- Born: Barbara Carol Wayne New York City, U.S.
- Education: Bryn Mawr College Barnard College
- Occupations: Actress, director, screenwriter
- Spouse: Brian Reilly ​ ​(m. 1982; died 2011)​
- Mother: Bess Myerson

= Barra Grant =

American actress

Barra Grant (born Barbara Carol Wayne) is an American actress, screenwriter, film director and playwright.

==Biography==
Grant was born Barbara Carol Wayne in New York City, the daughter of Allan Wayne, a doll company executive, and Bess Myerson, Miss America 1945. Her parents divorced in 1958 due to her father's abuse. She became Barra Grant when her mother married Arnold Grant and he adopted her in 1962. She was educated at the Birch Wathen Lenox School, Bryn Mawr College, and Barnard College. She also went to London for three years to study acting.

Grant began an acting career in the early 1970s, appearing on television and in film. One of her first roles was as Lulie in the BBC series Take Three Girls. While acting at The Mark Taper she was inspired to start writing. In 1978, she wrote and appeared in the film Slow Dancing in the Big City. She began her directing career with an episode of NBC Special Treat titled "The Tap Dance Kid", based on a novel by Louise Fitzhugh.

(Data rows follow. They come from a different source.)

lemma permpoly_0 [simp]: "bij \<sigma> \<Longrightarrow> permpoly \<sigma> 0 = 0"
  by (rule poly_mapping_eqI) (simp add: lookup_permpoly)

lemma permpoly_add: "bij \<sigma> \<Longrightarrow> permpoly \<sigma> (p + q) = permpoly \<sigma> p + permpoly \<sigma> q"
  by (rule poly_mapping_eqI) (simp add: lookup_permpoly lookup_add)

lemma permpoly_diff: "bij \<sigma> \<Longrightarrow> permpoly \<sigma> (p - q) = permpoly \<sigma> p - permpoly \<sigma> q"
  by (rule poly_mapping_eqI) (simp add: lookup_permpoly lookup_minus)

lemma permpoly_const_mult: "bij \<sigma> \<Longrightarrow> permpoly \<sigma> (const c * p) = const c * permpoly \<sigma> p"
  by (rule poly_mapping_eqI) (simp add: lookup_permpoly lookup_const_mult)

lemma permpoly_sum: "bij \<sigma> \<Longrightarrow> permpoly \<sigma> (\<Sum>i\<in>I. f i) = (\<Sum>i\<in>I. permpoly \<sigma> (f i))"
  by (induction I rule: infinite_finite_induct) (auto simp: permpoly_add)

lemma permpoly_single:
  "bij \<sigma> \<Longrightarrow> permpoly \<sigma> (Poly_Mapping.single t c) = Poly_Mapping.single (permmono \<sigma> t) c"
  by (rule poly_mapping_eqI) (auto simp: lookup_permpoly lookup_single when_def permmono_eq_iff)

lemma permpoly_1 [simp]: "bij \<sigma> \<Longrightarrow> permpoly \<sigma> 1 = 1"
  by (metis permpoly_single permmono_0 single_one)

lemma permpoly_Var: "bij \<sigma> \<Longrightarrow> permpoly \<sigma> (Var v) = Var (permvar \<sigma> v)"
  by (simp add: Var_def permpoly_single permmono_single)

lemma permpoly_mult: "bij \<sigma> \<Longrightarrow> permpoly \<sigma> (p * q) = permpoly \<sigma> p * permpoly \<sigma> q"
proof (induction p rule: poly_mapping_single_induct)
  case (single s c)
  then show ?case
    by (induction q rule: poly_mapping_single_induct)
       (simp_all add: mult_single permpoly_single permmono_add distrib_left permpoly_add)
qed (simp_all add: distrib_right permpoly_add)

lemma permpoly_prod: "bij \<sigma> \<Longrightarrow> permpoly \<sigma> (\<Prod>i\<in>I. f i) = (\<Prod>i\<in>I. permpoly \<sigma> (f i))"
  by (induction I rule: infinite_finite_induct) (auto simp: permpoly_mult)

lemma permpoly_dmono: "bij \<sigma> \<Longrightarrow> permpoly \<sigma> (dmono m p) = dmono (permmono \<sigma> m) (permpoly \<sigma> p)"
  by (induction p rule: poly_mapping_single_induct)
     (simp_all add: dmono_single permpoly_single mono_dvd_permmono deriv_coeff_permmono permmono_diff
       dmono_add permpoly_add)

lemma diffop_eq_sum_superset:
  assumes "finite K" "Poly_Mapping.keys g \<subseteq> K"
  shows "diffop g f = (\<Sum>m\<in>K. const (Poly_Mapping.lookup g m) * dmono m f)"
  unfolding diffop_def
  by (rule sum.mono_neutral_left[OF assms]) (auto simp: in_keys_iff)

lemma diffop_0 [simp]: "diffop 0 f = 0"
  by (simp add: diffop_def)

lemma diffop_single: "diffop (Poly_Mapping.single m c) f = const c * dmono m f"
  by (subst diffop_eq_sum_superset[of "{m}"]) auto

lemma diffop_add: "diffop (g + h) f = diffop g f + diffop h f"
proof -
  let ?K = "Poly_Mapping.keys g \<union> Poly_Mapping.keys h"
  have keys: "Poly_Mapping.keys (g + h) \<subseteq> ?K" by (rule keys_add)
  show ?thesis
    unfolding diffop_eq_sum_superset[OF _ keys, simplified] diffop_eq_sum_superset[of ?K g, simplified]
      diffop_eq_sum_superset[of ?K h, simplified] sum.distrib[symmetric]
    by (rule sum.cong) (auto simp: lookup_add const_def single_add distrib_right)
qed

lemma diffop_sum: "diffop (\<Sum>i\<in>I. g i) f = (\<Sum>i\<in>I. diffop (g i) f)"
  by (induction I rule: infinite_finite_induct) (auto simp: diffop_add)

section \<open>The Vandermonde product\<close>

definition vandermonde :: "nat \<Rightarrow> (nat \<Rightarrow> 'a::comm_ring_1) \<Rightarrow> 'a" where
  "vandermonde n x = (\<Prod>(i, j)\<in>{(i, j). i < j \<and> j < n}. x i - x j)"

lemma finite_index_pairs: "finite {(i, j). i < j \<and> j < (n::nat)}"
  by (rule finite_subset[of _ "{..<n} \<times> {..<n}"]) auto

lemma vandermonde_transpose_Suc:
  assumes "Suc a < n"
  shows "vandermonde n (x \<circ> Transposition.transpose a (Suc a)) = - vandermonde n x"
proof -
  let ?s = "Transposition.transpose a (Suc a)"
  let ?P = "{(i, j). i < j \<and> j < n}"
  let ?Q = "?P - {(a, Suc a)}"
  let ?h = "\<lambda>(i, j). (?s i, ?s j)"
  let ?g = "\<lambda>(i, j). x i - x j"
  have mem: "(a, Suc a) \<in> ?P" using assms by auto
  \<comment> \<open>swapping two adjacent indices permutes the other factors and flips the sign of one\<close>
  have "?h p \<in> ?Q" if "p \<in> ?Q" for p
    using that assms by (cases p) (auto simp: Transposition.transpose_def)
  moreover have "?h (?h p) = p" for p
    by (cases p) (auto simp: Transposition.transpose_def)
  ultimately have bij: "bij_betw ?h ?Q ?Q"
    by (intro bij_betwI[where g = ?h]) auto
  have "vandermonde n (x \<circ> ?s) = (\<Prod>p\<in>?P. ?g (?h p))"
    unfolding vandermonde_def by (rule prod.cong) auto
  also have "\<dots> = ?g (?h (a, Suc a)) * (\<Prod>p\<in>?Q. ?g (?h p))"
    by (rule prod.remove[OF finite_index_pairs mem])
  also have "\<dots> = - (?g (a, Suc a) * (\<Prod>p\<in>?Q. ?g p))"
    by (simp add: prod.reindex_bij_betw[OF bij] algebra_simps)
  also have "?g (a, Suc a) * (\<Prod>p\<in>?Q. ?g p) = vandermonde n x"
    unfolding vandermonde_def by (rule prod.remove[OF finite_index_pairs mem, symmetric])
  finally show ?thesis .
qed

lemma vandermonde_transpose_add:
  "a + Suc d < n \<Longrightarrow> vandermonde n (x \<circ> Transposition.transpose a (a + Suc d)) = - vandermonde n x"
proof (induction d arbitrary: a x)
  case 0
  then show ?case using vandermonde_transpose_Suc[of a n x] by (simp only: add_Suc_right add_0_right)
next
  case (Suc d)
  let ?s = "Transposition.transpose a (Suc a)"
  let ?t = "Transposition.transpose (Suc a) (Suc a + Suc d)"
  have "Transposition.transpose a (a + Suc (Suc d)) = ?s \<circ> ?t \<circ> ?s"
    by (auto simp: fun_eq_iff Transposition.transpose_def)
  then have "vandermonde n (x \<circ> Transposition.transpose a (a + Suc (Suc d)))
      = vandermonde n (x \<circ> ?s \<circ> ?t \<circ> ?s)"
    by (simp only: o_assoc)
  also have "\<dots> = - vandermonde n (x \<circ> ?s \<circ> ?t)"
    by (rule vandermonde_transpose_Suc) (use Suc.prems in simp)
  also have "vandermonde n (x \<circ> ?s \<circ> ?t) = - vandermonde n (x \<circ> ?s)"
    by (rule Suc.IH) (use Suc.prems in simp)
  also have "vandermonde n (x \<circ> ?s) = - vandermonde n x"
    by (rule vandermonde_transpose_Suc) (use Suc.prems in simp)
  finally show ?case by (simp only: minus_minus)
qed

lemma vandermonde_transpose:
  assumes "a < n" "b < n" "a \<noteq> b"
  shows "vandermonde n (x \<circ> Transposition.transpose a b) = - vandermonde n x"
proof (cases "a < b")
  case True
  then obtain d where b: "b = a + Suc d" using less_iff_Suc_add by auto
  show ?thesis unfolding b by (rule vandermonde_transpose_add) (use assms b in simp)
next
  case False
  then have "b < a" using assms(3) by simp
  then obtain d where a: "a = b + Suc d" using less_iff_Suc_add by auto
  show ?thesis unfolding a transpose_commute[of "b + Suc d" b]
    by (rule vandermonde_transpose_add) (use assms a in simp)
qed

Grant was married to writer and producer Brian Reilly until his death in 2011.

== Filmography ==
===Film===

| Year | Title | Director | Writer |
|---|---|---|---|
| 1978 | Slow Dancing in the Big City | No | Yes |
| 1984 | Misunderstood | No | Yes |
| 2005 | Life of the Party | Yes | Yes |
| 2009 | Love Hurts | Yes | Yes |

Acting roles

| Year | Title | Role |
| 1972 | Daughters of Satan | Chris Robertson |
| It Ain't Easy | Ann |
| 1976 | Mother, Jugs & Speed | Miss Crocker |
| 1978 | Slow Dancing in the Big City | Mildred |

===Television===

| Year | Title | Director | Writer | Notes |
|---|---|---|---|---|
| 1978 | Special Treat | Yes | Yes | Episode "The Tap Dance Kid" |
| 1987 | CBS Summer Playhouse | No | Yes | Episode "Mabel and Max" |
| 1989 | Dirty Dancing | Yes | No | Episode "Hit the Road" |
| 1990 | The Earth Day Special | No | Yes | TV special |
| 1991 | CBS Schoolbreak Special | Yes | Yes | Episode "Lies of the Heart" |
| 1992 | Freshman Dorm | No | Yes | Episode "The Last Sonnet" |
| 1994 | Living Single | No | Yes | Episode "U.N.I.T.Y. (a.k.a. Five Card Stud)"; Also executive consultant of 7 episodes |

Acting roles

Year: Title; Role; Notes
1971: Take Three Girls; Lulie; Main role
Sarge: Christina; "A Terminal Case of Vengeance"
1972: The Mary Tyler Moore Show; Judy Conrad; "The Courtship of Mary's Father's Daughter"
1973: The Bold Ones: The New Doctors; Eve Tanner; "Tightrope to Tomorrow"
Love, American Style: Boni; "Love and the Baby Derby"
Gunsmoke: Teresa; "The Widowmaker"
Barnaby Jones: Marie Hubble; "Stand-In for Death"
1974: Trapped Beneath the Sea; Grace Wallants; TV film
Roll, Freddy, Roll!: Sidni Kane
1975: Let's Switch!; Morgan Ames
1976: Good Heavens; Kiki; "Coffee, Tea, or Gloria"
Serpico: Marilyn; "The Country Boy"
1977: The Sunshine Boys; Sylvia Grant; TV film
1978: Sergeant Matlovich vs. the U.S. Air Force; Susan Hewman

==Stage plays==
- A Mother, a Daughter and a Gun (2006).
- Miss America's Ugly Daughter, about her relationship to her mother, first performed on July 14, 2018, at The Edye, Santa Monica, California.